After a fruitless trip up ‘1’ for ten miles, looking for a restaurant, I return, settling for whatever tequila, tuna, dates and peanuts remain in the bags. I have effortlessly lost almost two inches from my waist the last month, and there is no reason not to try to maintain my new found weight loss.
I sit by the tent reading in the sunlight until sunset imposes its natural curfew and I am soon asleep.
Baja Report, volume 17
the last (for now)
March 29, 1996
I head North along the Pacific coast, from San Ouintin. 20 km South of Ensenada I decide I have time for a side trip to La Bufadora at Cabo Banda (Punta Banda on some maps). The road follows the bay, past fishing villages, tourist cottages and RV’s, then snakes uphill to the cape area. Dramatic coastal vistas open until I arrive at the commercialized tourist area above the rugged shoreline. La Bufadora is a natural “blow hole,” the ocean swell and a sea cave conspiring to rhythmically shoot a plume of spray straight up like a geyser.
More interesting to me is the gauntlet of market stalls one must pass for two blocks to get to the attraction. Any souvenir you avoided earlier has one last chance to find its way to its eventual dusty closet corner. I have no room for geegaws, but it is fun to shop and people watch. The shopkeepers’ aggressive behavior shouts a strident contrast to the village ethos I have enjoyed the past month.
I ride back down the little mountain to the highway, then North to Ensenada where I purchase that last bottle of Tequila to carry across the border. I also buy a liter of 192 proof ethanol for little more than a dollar. No alcohol taxes here. I buy a candy bar from a girl in her twenties who hovers near the store entrance. She speaks perfect English. She is raising money for the alcohol treatment program she is in. I wish her well, feeling more a sense of irony than guilt about the booze I just bought. [A year later half the bottle of 96% alcohol remains. It is clouded with honey from one of my ‘experiments.’]

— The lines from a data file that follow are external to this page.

lemma unit_vecs_subset_span_cylinder_directions:
  fixes c :: "nat \<Rightarrow> 'a::field" and r v q :: nat
  defines "E \<equiv> unit_vec ` {..<r}"
  defines "L \<equiv> \<lambda>i. fvs.span (insert (cylinder_direction r (v - r) c i) E)"
  assumes "r + 2 \<le> v" "v \<le> r + q"
  shows "unit_vec ` {..<v} \<subseteq> fvs.span (\<Union>i<q. L i - fvs.span E)"
proof -
  let ?U = "fvs.span (\<Union>i<q. L i - fvs.span E)"
  have L_U: "x \<in> ?U" if "i < q" "x \<in> L i" "x \<notin> fvs.span E" for i x
    using that by (intro fvs.span_base UN_I[of i]) simp_all
  have high: "unit_vec k \<in> ?U" if "r \<le> k" "k < v" for k
  proof (rule L_U)
    show "k - r < q"
      using that assms by simp
    show "unit_vec k \<in> L (k - r)"
      using that by (auto simp: L_def cylinder_direction_def intro: fvs.span_base)
    show "unit_vec k \<notin> fvs.span E"
      using that not_in_span_unit_vecs[of r k "unit_vec k"] by (simp add: E_def unit_vec_apply)
  qed
  have low: "unit_vec k \<in> ?U" if "k < r" for k
  proof -
    have "unit_vec r + unit_vec k \<in> ?U"
    proof (rule L_U)
      show "0 < q"
        using assms by simp
      show "unit_vec r + unit_vec k \<in> L 0"
        using that assms by (auto simp: L_def E_def cylinder_direction_def intro: fvs.span_add fvs.span_base)
      show "unit_vec r + unit_vec k \<notin> fvs.span E"
        using that not_in_span_unit_vecs[of r r "unit_vec r + unit_vec k"] by (simp add: E_def unit_vec_apply)
    qed
    then show ?thesis
      using fvs.span_diff[OF _ high[of r]] assms by fastforce
  qed
  show ?thesis
  proof (rule image_subsetI)
    fix k
    assume "k \<in> {..<v}"
    then show "unit_vec k \<in> ?U"
      using high low by (cases "r \<le> k") auto
  qed
qed

lemma cylinder_direction_ambient:
  assumes "r + n \<le> v" "2 \<le> n"
  shows "cylinder_direction r n c i \<in> ambient v"
  using assms by (auto simp: cylinder_direction_def unit_vec_apply fscale_def ambient_def)

lemma cylinder_direction_not_in_span:
  "cylinder_direction r n c i \<notin> fvs.span (unit_vec ` {..<r} :: (nat \<Rightarrow> 'a::field) set)"
  using not_in_span_unit_vecs[of r "if i < n then r + i else r" "cylinder_direction r n c i"]
  by (simp add: cylinder_direction_def unit_vec_apply fscale_def)

lemma ex_inj_nonzero_scalars:
  assumes "m < card (UNIV :: 'a set)"
  obtains c :: "nat \<Rightarrow> 'a::{finite,field}" where "inj_on c {..<m}" "0 \<notin> c ` {..<m}"
proof -
  obtain c :: "nat \<Rightarrow> 'a" where c: "bij_betw c {..<card (UNIV :: 'a set) - 1} (UNIV - {0})"
    using ex_bij_betw_nat_finite[of "UNIV - {0::'a}"]
    by (auto simp: card_Diff_singleton atLeast0LessThan)
  have sub: "{..<m} \<subseteq> {..<card (UNIV :: 'a set) - 1}"
    using assms by auto
  show thesis
  proof (rule that)
    show "inj_on c {..<m}"
      using inj_on_subset[OF bij_betw_imp_inj_on[OF c] sub] .
    show "0 \<notin> c ` {..<m}"
      using image_mono[OF sub, of c] bij_betw_imp_surj_on[OF c] by blast
  qed
qed

lemma spanning_sum_points_diff:
  fixes q :: nat
  assumes "kspace v r F" "\<And>i. i < q \<Longrightarrow> kspace v (r + 1) (L i) \<and> F \<subseteq> L i"
    and "ambient v \<subseteq> fvs.span (\<Union>i<q. L i - F)"
  shows "spanning v (\<Sum>i<q. mset_set (points v (L i) - points v (F :: (nat \<Rightarrow> 'a::{finite,field}) set)))"
proof -
  let ?C = "\<Sum>i<q. mset_set (points v (L i) - points v F)"
  have C_set: "set_mset ?C = (\<Union>i<q. points v (L i) - points v F)"
    by (rule set_mset_sum_mset_set) (simp_all add: finite_points)
  have C_diff: "(\<Union>i<q. L i - F) \<subseteq> \<Union> (set_mset ?C)"
    using diff_subset_Union_points[of v "r + 1" "L _" F] assms(1,2)
    unfolding C_set kspace_def by blast
  have C_ambient: "\<Union> (set_mset ?C) \<subseteq> ambient v"
    using assms(2) Union_points_subset unfolding C_set kspace_def by blast
  have "ambient v \<subseteq> fvs.span (\<Union> (set_mset ?C))"
    using assms(3) fvs.span_mono[OF C_diff] by blast
  then show ?thesis
    using fvs.span_minimal[OF C_ambient subspace_ambient] by (simp add: spanning_def)
qed
(* Let $L$ be a lattice with discriminant $d$, and let $G$ be a finite group acting on $L$ preserving the bilinear form. If $L^G\neq0$, then the restriction of the bilinear form makes $L^G$ a lattice whose discriminant divides $(d|G|)^r$, where $r=\mathrm{rk}(L^G)$.
   Context: A lattice is a free abelian group of finite positive rank with a non-degenerate integral symmetric bilinear form; its discriminant is the determinant of the Gram matrix in a $\mathbb{Z}$-basis. $L^G$ is the subgroup of $G$-invariant elements. *)

theory Defs
  imports "HOL-Algebra.Group" "Jordan_Normal_Form.Determinant"
begin

text \<open>A lattice of rank n is modelled as Z^n (integer vectors of dimension n)
  with the integral symmetric bilinear form b(x,y) = x . (B y) given by its Gram
  matrix B in the standard basis. Its discriminant is det B.\<close>

definition bform :: "int mat \<Rightarrow> int vec \<Rightarrow> int vec \<Rightarrow> int" where
  "bform B x y = x \<bullet> (B *\<^sub>v y)"

definition is_lattice_gram :: "nat \<Rightarrow> int mat \<Rightarrow> bool" where
  "is_lattice_gram n B \<longleftrightarrow> n > 0 \<and> B \<in> carrier_mat n n \<and> transpose_mat B = B \<and> det B \<noteq> 0"

definition form_preserving_action ::
  "nat \<Rightarrow> int mat \<Rightarrow> ('g, 'b) monoid_scheme \<Rightarrow> ('g \<Rightarrow> int mat) \<Rightarrow> bool" where
  "form_preserving_action n B G \<rho> \<longleftrightarrow>
     (\<forall>g\<in>carrier G. \<rho> g \<in> carrier_mat n n) \<and>
     \<rho> \<one>\<^bsub>G\<^esub> = 1\<^sub>m n \<and>
     (\<forall>g\<in>carrier G. \<forall>h\<in>carrier G. \<rho> (g \<otimes>\<^bsub>G\<^esub> h) = \<rho> g * \<rho> h) \<and>
     (\<forall>g\<in>carrier G. \<forall>x\<in>carrier_vec n. \<forall>y\<in>carrier_vec n.
        bform B (\<rho> g *\<^sub>v x) (\<rho> g *\<^sub>v y) = bform B x y)"

definition invariants :: "nat \<Rightarrow> ('g, 'b) monoid_scheme \<Rightarrow> ('g \<Rightarrow> int mat) \<Rightarrow> int vec set" where
  "invariants n G \<rho> = {x \<in> carrier_vec n. \<forall>g\<in>carrier G. \<rho> g *\<^sub>v x = x}"
lemma graph_on_relcomp: "f ` X \<subseteq> X \<Longrightarrow> graph_on X f O graph_on X g = graph_on X (g \<circ> f)"
  by (auto simp: image_subset_iff intro!: relcompI)

lemma self_inverse_iff: "f ` X \<subseteq> X \<Longrightarrow> self_inverse X f \<longleftrightarrow> (\<forall>x\<in>X. f (f x) = x)"
  unfolding self_inverse_def graph_on_relcomp Id_on_def by (auto simp: set_eq_iff)

lemma order_automorphism_funpow:
  assumes "order_automorphism X le f"
  shows "order_automorphism X le (f ^^ n)"
proof -
  have f: "bij_betw f X X" "\<And>x y. x \<in> X \<Longrightarrow> y \<in> X \<Longrightarrow> (x, y) \<in> le \<longleftrightarrow> (f x, f y) \<in> le"
    using assms unfolding order_automorphism_def by auto
  have fn: "bij_betw (f ^^ n) X X"
    using bij_betw_funpow[OF f(1)] .
  have "(x, y) \<in> le \<longleftrightarrow> ((f ^^ n) x, (f ^^ n) y) \<in> le" if "x \<in> X" "y \<in> X" for x y
    using that by (induction n) (simp_all add: f(2) bij_betw_apply[OF bij_betw_funpow[OF f(1)]])
  then show ?thesis
    using fn unfolding order_automorphism_def by blast
qed

lemma order_automorphism_inv_into:
  assumes "order_automorphism X le f"
  shows "order_automorphism X le (inv_into X f)"
proof -
  have f: "bij_betw f X X" "\<And>x y. x \<in> X \<Longrightarrow> y \<in> X \<Longrightarrow> (x, y) \<in> le \<longleftrightarrow> (f x, f y) \<in> le"
    using assms unfolding order_automorphism_def by auto
  have "(x, y) \<in> le \<longleftrightarrow> (inv_into X f x, inv_into X f y) \<in> le" if "x \<in> X" "y \<in> X" for x y
    using f(2)[OF bij_betw_apply[OF bij_betw_inv_into[OF f(1)]] bij_betw_apply[OF bij_betw_inv_into[OF f(1)]]]
      bij_betw_inv_into_right[OF f(1)] that
    by metis
  then show ?thesis
    using bij_betw_inv_into[OF f(1)] unfolding order_automorphism_def by blast
qed

lemma dual_order_automorphism_comp:
  assumes f: "dual_order_automorphism X le f" and g: "order_automorphism X le g"
  shows "dual_order_automorphism X le (f \<circ> g)"
proof -
  have bij: "bij_betw f X X" "bij_betw g X X"
    using f g unfolding order_automorphism_def dual_order_automorphism_def by auto
  have "(x, y) \<in> le \<longleftrightarrow> (f (g y), f (g x)) \<in> le" if "x \<in> X" "y \<in> X" for x y
  proof -
    have "(x, y) \<in> le \<longleftrightarrow> (g x, g y) \<in> le"
      using g that unfolding order_automorphism_def by blast
    also have "\<dots> \<longleftrightarrow> (f (g y), f (g x)) \<in> le"
      using f that bij_betw_apply[OF bij(2)] unfolding dual_order_automorphism_def by blast
    finally show ?thesis .
  qed
  then show ?thesis
    using bij_betw_trans[OF bij(2,1)] unfolding dual_order_automorphism_def comp_def by blast
qed

locale Dq_frame =
  fixes X :: "'a set" and le E :: "'a rel" and \<alpha> :: "'a \<Rightarrow> 'a"
  assumes poset: "poset_on X le"
    and equiv: "equiv X E"
    and alpha: "order_automorphism X le \<alpha>"
    and alpha_E: "graph_on X \<alpha> \<subseteq> E"
begin

abbreviation \<alpha>inv :: "'a \<Rightarrow> 'a" where "\<alpha>inv \<equiv> inv_into X \<alpha>"

lemma E_in_X: "(x, y) \<in> E \<Longrightarrow> x \<in> X \<and> y \<in> X"
  using equiv_type[OF equiv] by blast

lemma E_sym: "(x, y) \<in> E \<Longrightarrow> (y, x) \<in> E"
  using equiv unfolding equiv_def by (blast dest: symD)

I take highway 3 to Tecate. Two wineries line the way. I stop at one for the short tour and the free wine tasting. I pick up a bottle for Butch and Esther Hays, then back on the road, which climbs one last low range of mountains, then down to Tecate and the Border. There is both sadness and relief at entering the United States. As I write now, I only feel the sadness. I miss Mexico. I can think of no finer place for a motorcycle camper to hide from the last month of winter.